Saved entries:
———
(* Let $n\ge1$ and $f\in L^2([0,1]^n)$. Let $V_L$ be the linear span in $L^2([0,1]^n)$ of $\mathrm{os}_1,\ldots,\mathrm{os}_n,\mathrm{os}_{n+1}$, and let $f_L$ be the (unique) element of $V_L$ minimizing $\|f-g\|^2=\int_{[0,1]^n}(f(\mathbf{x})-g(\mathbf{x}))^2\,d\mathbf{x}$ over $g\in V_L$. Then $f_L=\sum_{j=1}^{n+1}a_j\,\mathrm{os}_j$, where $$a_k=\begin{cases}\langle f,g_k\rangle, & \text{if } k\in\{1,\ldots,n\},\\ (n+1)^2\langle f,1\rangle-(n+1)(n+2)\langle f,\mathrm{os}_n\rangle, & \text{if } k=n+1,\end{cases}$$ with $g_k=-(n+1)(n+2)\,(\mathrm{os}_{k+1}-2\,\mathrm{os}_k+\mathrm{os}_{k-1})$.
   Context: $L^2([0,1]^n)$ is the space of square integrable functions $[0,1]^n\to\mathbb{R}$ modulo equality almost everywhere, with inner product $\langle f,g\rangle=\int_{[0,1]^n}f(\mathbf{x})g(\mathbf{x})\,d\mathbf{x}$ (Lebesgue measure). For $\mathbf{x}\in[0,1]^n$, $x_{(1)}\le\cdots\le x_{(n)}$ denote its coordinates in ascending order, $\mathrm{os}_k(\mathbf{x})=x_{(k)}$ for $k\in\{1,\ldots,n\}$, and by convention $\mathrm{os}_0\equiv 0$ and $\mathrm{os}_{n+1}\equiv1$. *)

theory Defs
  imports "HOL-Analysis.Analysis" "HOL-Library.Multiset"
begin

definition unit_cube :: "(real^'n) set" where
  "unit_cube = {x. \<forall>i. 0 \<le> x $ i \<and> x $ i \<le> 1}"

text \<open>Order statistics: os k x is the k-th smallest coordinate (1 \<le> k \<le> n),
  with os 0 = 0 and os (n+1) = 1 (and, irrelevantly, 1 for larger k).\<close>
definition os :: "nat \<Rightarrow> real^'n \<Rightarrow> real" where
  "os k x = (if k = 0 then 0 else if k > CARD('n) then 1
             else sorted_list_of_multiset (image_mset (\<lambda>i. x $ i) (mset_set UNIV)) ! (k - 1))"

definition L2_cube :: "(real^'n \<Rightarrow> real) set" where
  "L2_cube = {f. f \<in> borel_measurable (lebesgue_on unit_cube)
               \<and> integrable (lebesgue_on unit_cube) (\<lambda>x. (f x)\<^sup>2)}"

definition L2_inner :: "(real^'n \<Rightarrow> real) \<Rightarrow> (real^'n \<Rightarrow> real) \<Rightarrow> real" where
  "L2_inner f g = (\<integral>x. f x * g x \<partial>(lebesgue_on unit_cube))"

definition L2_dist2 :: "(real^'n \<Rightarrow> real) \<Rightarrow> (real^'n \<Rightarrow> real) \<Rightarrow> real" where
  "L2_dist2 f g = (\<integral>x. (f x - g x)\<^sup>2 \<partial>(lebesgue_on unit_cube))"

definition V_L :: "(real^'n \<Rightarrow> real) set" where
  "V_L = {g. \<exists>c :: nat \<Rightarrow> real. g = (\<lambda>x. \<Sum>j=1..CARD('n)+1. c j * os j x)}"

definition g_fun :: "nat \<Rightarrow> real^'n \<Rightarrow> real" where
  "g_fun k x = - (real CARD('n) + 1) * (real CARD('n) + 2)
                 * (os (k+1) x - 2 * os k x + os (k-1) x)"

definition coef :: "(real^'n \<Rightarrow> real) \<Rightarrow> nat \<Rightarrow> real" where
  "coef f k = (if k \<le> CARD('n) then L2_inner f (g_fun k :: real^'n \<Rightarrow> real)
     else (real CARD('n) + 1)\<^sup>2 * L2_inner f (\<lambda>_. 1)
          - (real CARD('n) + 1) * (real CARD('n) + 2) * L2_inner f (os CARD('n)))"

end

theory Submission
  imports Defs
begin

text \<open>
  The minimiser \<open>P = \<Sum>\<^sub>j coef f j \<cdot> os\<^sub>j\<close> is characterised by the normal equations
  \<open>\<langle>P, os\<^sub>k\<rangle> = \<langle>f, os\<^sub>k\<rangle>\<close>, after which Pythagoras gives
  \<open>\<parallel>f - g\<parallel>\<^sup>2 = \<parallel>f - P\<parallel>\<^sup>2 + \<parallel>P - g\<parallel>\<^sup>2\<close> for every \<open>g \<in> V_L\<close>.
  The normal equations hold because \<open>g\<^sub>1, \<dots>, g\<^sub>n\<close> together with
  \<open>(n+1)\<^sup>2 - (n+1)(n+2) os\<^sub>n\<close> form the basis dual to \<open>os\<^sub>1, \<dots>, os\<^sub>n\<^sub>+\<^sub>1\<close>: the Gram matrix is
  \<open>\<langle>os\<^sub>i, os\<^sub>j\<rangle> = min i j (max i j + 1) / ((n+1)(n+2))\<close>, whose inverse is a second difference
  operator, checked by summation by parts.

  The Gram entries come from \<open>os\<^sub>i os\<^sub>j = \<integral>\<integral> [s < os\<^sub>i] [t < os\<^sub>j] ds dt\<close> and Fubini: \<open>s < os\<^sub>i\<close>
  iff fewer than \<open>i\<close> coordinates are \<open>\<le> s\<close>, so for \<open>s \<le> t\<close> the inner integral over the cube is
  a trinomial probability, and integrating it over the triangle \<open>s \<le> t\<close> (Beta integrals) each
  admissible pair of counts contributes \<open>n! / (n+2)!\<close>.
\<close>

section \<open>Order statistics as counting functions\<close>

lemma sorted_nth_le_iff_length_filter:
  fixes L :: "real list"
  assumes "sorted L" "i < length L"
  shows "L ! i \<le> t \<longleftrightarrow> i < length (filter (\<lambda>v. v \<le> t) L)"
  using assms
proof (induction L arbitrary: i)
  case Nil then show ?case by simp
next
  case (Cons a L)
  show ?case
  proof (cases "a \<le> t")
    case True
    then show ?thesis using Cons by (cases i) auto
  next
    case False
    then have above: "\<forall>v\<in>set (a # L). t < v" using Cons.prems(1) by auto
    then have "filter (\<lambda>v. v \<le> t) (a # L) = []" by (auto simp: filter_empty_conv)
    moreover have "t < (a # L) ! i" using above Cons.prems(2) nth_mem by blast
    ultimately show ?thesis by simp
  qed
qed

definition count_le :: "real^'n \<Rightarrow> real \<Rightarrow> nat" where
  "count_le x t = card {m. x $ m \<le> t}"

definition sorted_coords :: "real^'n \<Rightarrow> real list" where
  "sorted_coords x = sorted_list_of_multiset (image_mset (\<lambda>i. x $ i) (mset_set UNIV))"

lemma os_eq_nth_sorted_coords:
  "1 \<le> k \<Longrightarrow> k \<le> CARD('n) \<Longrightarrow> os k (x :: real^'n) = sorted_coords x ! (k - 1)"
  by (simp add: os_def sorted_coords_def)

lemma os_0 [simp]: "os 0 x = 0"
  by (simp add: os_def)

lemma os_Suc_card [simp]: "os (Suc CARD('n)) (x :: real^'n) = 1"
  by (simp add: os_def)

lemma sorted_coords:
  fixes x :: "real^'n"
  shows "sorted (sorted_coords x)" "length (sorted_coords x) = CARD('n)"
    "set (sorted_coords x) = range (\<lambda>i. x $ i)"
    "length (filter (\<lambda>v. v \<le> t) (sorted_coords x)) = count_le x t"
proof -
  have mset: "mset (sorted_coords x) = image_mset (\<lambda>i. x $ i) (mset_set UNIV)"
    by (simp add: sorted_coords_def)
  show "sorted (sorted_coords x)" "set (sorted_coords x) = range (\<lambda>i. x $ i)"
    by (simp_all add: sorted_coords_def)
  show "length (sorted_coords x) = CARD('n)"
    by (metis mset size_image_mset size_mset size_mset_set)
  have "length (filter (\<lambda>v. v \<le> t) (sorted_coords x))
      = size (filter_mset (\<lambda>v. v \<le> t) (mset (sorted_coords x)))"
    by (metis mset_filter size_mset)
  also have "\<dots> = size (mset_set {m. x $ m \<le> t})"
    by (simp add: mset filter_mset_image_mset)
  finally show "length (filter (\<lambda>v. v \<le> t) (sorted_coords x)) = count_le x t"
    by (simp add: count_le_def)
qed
———
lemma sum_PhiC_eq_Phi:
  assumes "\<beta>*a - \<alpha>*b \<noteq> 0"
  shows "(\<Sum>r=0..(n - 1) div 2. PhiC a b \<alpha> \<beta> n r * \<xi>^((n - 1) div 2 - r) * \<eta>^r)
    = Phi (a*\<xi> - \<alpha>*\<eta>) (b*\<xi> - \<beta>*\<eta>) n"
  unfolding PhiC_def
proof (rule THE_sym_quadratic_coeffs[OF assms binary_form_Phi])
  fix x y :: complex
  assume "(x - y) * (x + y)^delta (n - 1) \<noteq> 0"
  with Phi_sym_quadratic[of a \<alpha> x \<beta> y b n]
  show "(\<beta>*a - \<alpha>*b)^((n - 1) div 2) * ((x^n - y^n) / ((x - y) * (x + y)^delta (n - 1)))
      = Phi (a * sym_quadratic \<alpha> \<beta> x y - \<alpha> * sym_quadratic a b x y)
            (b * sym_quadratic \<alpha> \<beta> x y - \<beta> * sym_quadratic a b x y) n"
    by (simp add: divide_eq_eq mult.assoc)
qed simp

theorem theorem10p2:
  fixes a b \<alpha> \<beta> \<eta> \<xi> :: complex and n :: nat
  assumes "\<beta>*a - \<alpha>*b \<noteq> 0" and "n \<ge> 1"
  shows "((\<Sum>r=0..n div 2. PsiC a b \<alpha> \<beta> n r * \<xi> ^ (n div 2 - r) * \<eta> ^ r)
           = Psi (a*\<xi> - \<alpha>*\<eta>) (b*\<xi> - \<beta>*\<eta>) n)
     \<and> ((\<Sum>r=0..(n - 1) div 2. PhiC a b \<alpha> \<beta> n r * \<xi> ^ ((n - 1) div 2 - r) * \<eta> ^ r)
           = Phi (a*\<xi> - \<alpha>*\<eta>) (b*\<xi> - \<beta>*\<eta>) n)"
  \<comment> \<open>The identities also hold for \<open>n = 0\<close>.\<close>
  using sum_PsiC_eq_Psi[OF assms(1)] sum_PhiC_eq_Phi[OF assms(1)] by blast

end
———
- Your assignment
Search the entries for the word "blast" and show every line that has it.

- Finished exercise
    moreover have "t < (a # L) ! i" using above Cons.prems(2) nth_mem by blast
  using sum_PsiC_eq_Psi[OF assms(1)] sum_PhiC_eq_Phi[OF assms(1)] by blast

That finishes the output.